Gabriel Dominguez, journaliste au Japan Times, rapporte que le Japon et le Canada ont franchi une étape importante dans le renforcement de leur coopération en matière de sécurité en signant, mardi 8 juillet 2025 à Tokyo, un Security of Information Agreement (SIA). Ce traité juridiquement contraignant vise à encadrer le partage, le stockage, le traitement et la destruction de renseignements sensibles entre les deux pays. Il ne détermine pas en soi quelles informations seront échangées, mais établit le cadre légal permettant leur circulation future dans un contexte de collaboration stratégique accrue.
L’accord a été signé par le ministre japonais des Affaires étrangères, Takeshi Iwaya, et la ministre canadienne des Affaires étrangères, Anita Anand, au terme d’un processus de négociation entamé il y a plus de deux ans. Il reste à être ratifié par les parlements respectifs avant d’entrer pleinement en vigueur.
Pour Takeshi Iwaya, ce traité revêt une « profonde signification » à l’heure où l’environnement géopolitique mondial devient plus incertain. Il permettra, selon lui, de fluidifier grandement les échanges d’informations de sécurité confidentielles entre le Canada et le Japon. Anita Anand, en visite officielle de deux jours au Japon, a décrit l’accord comme un « jalon important » de la relation stratégique entre les deux nations, qualifiant même ce pacte de « pas critique sur tous les plans », notamment dans le prolongement du plan d’action bilatéral lancé en octobre 2022.
Coopération militaire, industrielle et diplomatique
Gabriel Dominguez précise que le SIA devrait ouvrir la voie à une coopération plus étroite sur le plan militaire et industriel, notamment par la signature éventuelle d’un accord sur le transfert d’équipements et de technologies de défense.
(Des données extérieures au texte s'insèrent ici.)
(* Let $\alpha\ge 1$. Suppose that every canonical instance admits an $\alpha$-WMMS allocation. Then every chore-allocation instance (with positive weights and nonnegative additive cost functions) admits a $4\alpha$-WMMS allocation.
   Context: A chore-allocation instance consists of a set $\mathcal N=\{a_1,\dots,a_n\}$ of agents, a finite set $\mathcal M=\{e_1,\dots,e_m\}$ of indivisible items (chores), positive weights $w_1,\dots,w_n$, and additive cost functions $v_i:2^{\mathcal M}\to\mathbb R_{\ge 0}$, i.e. $v_i(S)=\sum_{e\in S}v_i(e)$. An allocation is an ordered partition $(A_1,\dots,A_n)$ of $\mathcal M$ (bundles may be empty); $\mathcal A$ denotes the set of all allocations. The weighted maximin share of agent $a_i$ is $\mathsf{WMMS}_i=w_i\cdot\min_{(A_1,\dots,A_n)\in\mathcal A}\max_{j\in[n]}\frac{v_i(A_j)}{w_j}$. For $\alpha\ge1$, an allocation $(A_1,\dots,A_n)$ is $\alpha$-WMMS if $v_i(A_i)\le\alpha\cdot\mathsf{WMMS}_i$ for every agent $a_i$. An instance is canonical if: (i) agents are indexed so that $w_1\ge w_2\ge\cdots\ge w_n$, $\sum_i w_i=1$, and every $w_i=w_1/2^p$ for some nonnegative integer $p$; (ii) $v_i(\mathcal M)=1$ for every agent, and for every agent $a_i$ and item $e$, $v_i(e)$ is either $0$ or equal to $w_1/2^p$ for some nonnegative integer $p$; (iii) (identical ordering) $v_i(e_1)\ge v_i(e_2)\ge\cdots\ge v_i(e_m)$ for every agent $a_i$; (iv) $\mathsf{WMMS}_i=w_i$ for every agent $a_i$. *)

theory Defs
  imports Complex_Main "HOL-Library.Disjoint_Sets"
begin

text \<open>Agents are a_1..a_n, represented by indices 0..<n (a_{i+1} is index i);
  items e_1..e_m are represented by indices 0..<m. Weights w :: nat => real,
  costs v i e = v_i(e_{e+1}).\<close>

definition chore_instance :: "nat \<Rightarrow> nat \<Rightarrow> (nat \<Rightarrow> real) \<Rightarrow> (nat \<Rightarrow> nat \<Rightarrow> real) \<Rightarrow> bool" where
  "chore_instance n m w v \<longleftrightarrow> n \<ge> 1 \<and> (\<forall>i<n. w i > 0) \<and> (\<forall>i<n. \<forall>e<m. v i e \<ge> 0)"

definition cost :: "(nat \<Rightarrow> nat \<Rightarrow> real) \<Rightarrow> nat \<Rightarrow> nat set \<Rightarrow> real" where
  "cost v i S = (\<Sum>e\<in>S. v i e)"

text \<open>An allocation is an ordered partition (A_0,...,A_{n-1}) of the items {0..<m}
  (bundles may be empty); bundles of non-agents are fixed to be empty.\<close>
definition allocation :: "nat \<Rightarrow> nat \<Rightarrow> (nat \<Rightarrow> nat set) \<Rightarrow> bool" where
  "allocation n m A \<longleftrightarrow> (\<forall>j<n. A j \<subseteq> {..<m}) \<and> (\<Union>j<n. A j) = {..<m}
     \<and> disjoint_family_on A {..<n} \<and> (\<forall>j\<ge>n. A j = {})"

definition allocations :: "nat \<Rightarrow> nat \<Rightarrow> (nat \<Rightarrow> nat set) set" where
  "allocations n m = {A. allocation n m A}"

definition wmms :: "nat \<Rightarrow> nat \<Rightarrow> (nat \<Rightarrow> real) \<Rightarrow> (nat \<Rightarrow> nat \<Rightarrow> real) \<Rightarrow> nat \<Rightarrow> real" where
  "wmms n m w v i = w i * Min ((\<lambda>A. Max ((\<lambda>j. cost v i (A j) / w j) ` {..<n})) ` allocations n m)"

definition is_alpha_wmms :: "nat \<Rightarrow> nat \<Rightarrow> (nat \<Rightarrow> real) \<Rightarrow> (nat \<Rightarrow> nat \<Rightarrow> real) \<Rightarrow> real \<Rightarrow> (nat \<Rightarrow> nat set) \<Rightarrow> bool" where
  "is_alpha_wmms n m w v \<alpha> A \<longleftrightarrow> allocation n m A \<and> (\<forall>i<n. cost v i (A i) \<le> \<alpha> * wmms n m w v i)"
Le gouvernement canadien souligne que ce type d’accord facilite l’accès d’entreprises accréditées à des données classifiées, leur permettant ainsi de participer à des appels d’offres sensibles dans les domaines de la défense, de l’aérospatial, du nucléaire ou encore de l’espace.
L’accord s’inscrit aussi dans un contexte plus large d’expansion de la présence militaire et diplomatique canadienne dans l’Indo-Pacifique. Le Canada, sous l’impulsion du gouvernement de Mark Carney, renforce ses liens avec plusieurs partenaires asiatiques stratégiques comme le Japon, la Corée du Sud et les Philippines. Lors du dernier sommet du G7, tenu à Kananaskis (Alberta) en juin, le premier ministre canadien et son homologue japonais, Shigeru Ishiba, avaient déjà discuté de cette convergence sécuritaire grandissante.
Du côté japonais, l’accord s’insère dans une stratégie de renforcement des exportations d’équipements militaires et de technologies de défense, alors que Tokyo multiplie les partenariats bilatéraux dans des domaines aussi variés que la cybersécurité, les opérations spatiales ou les forces spéciales. La coopération avec le Canada s’étend ainsi bien au-delà des traditionnels domaines terrestres, maritimes et aériens.
Vers une intégration partielle au groupe des Five Eyes?
Le Japan Times souligne que cet accord illustre aussi la volonté du Japon de se rapprocher des membres du partenariat de renseignement anglo-saxon des Five Eyes, composé des États-Unis, du Royaume-Uni, de l’Australie, de la Nouvelle-Zélande et du Canada. Bien que le Japon ne soit pas membre officiel du groupe, Tokyo travaille en étroite collaboration avec trois de ses membres (États-Unis, Royaume-Uni, Australie) et cherche désormais à finaliser un accord similaire avec la Nouvelle-Zélande.
Déjà, en novembre dernier, le Japon avait accueilli une rencontre de hauts gradés des Five Eyes, une première pour un pays non membre. Interrogée en mai par le Japan Times, la ministre néo-zélandaise de la Défense, Judith Collins, affirmait qu’une intégration complète du Japon n’était pas imminente, mais que Tokyo avait déjà pu bénéficier ponctuellement de renseignements émanant du groupe — une coopération appelée à se poursuivre « lorsque cela est jugé approprié ».
Ainsi, la signature du SIA avec le Canada, tout comme les discussions en cours avec la Nouvelle-Zélande, pourraient contribuer à fluidifier davantage les flux de renseignements avec ce cercle fermé, sans toutefois en faire un membre officiel à court terme.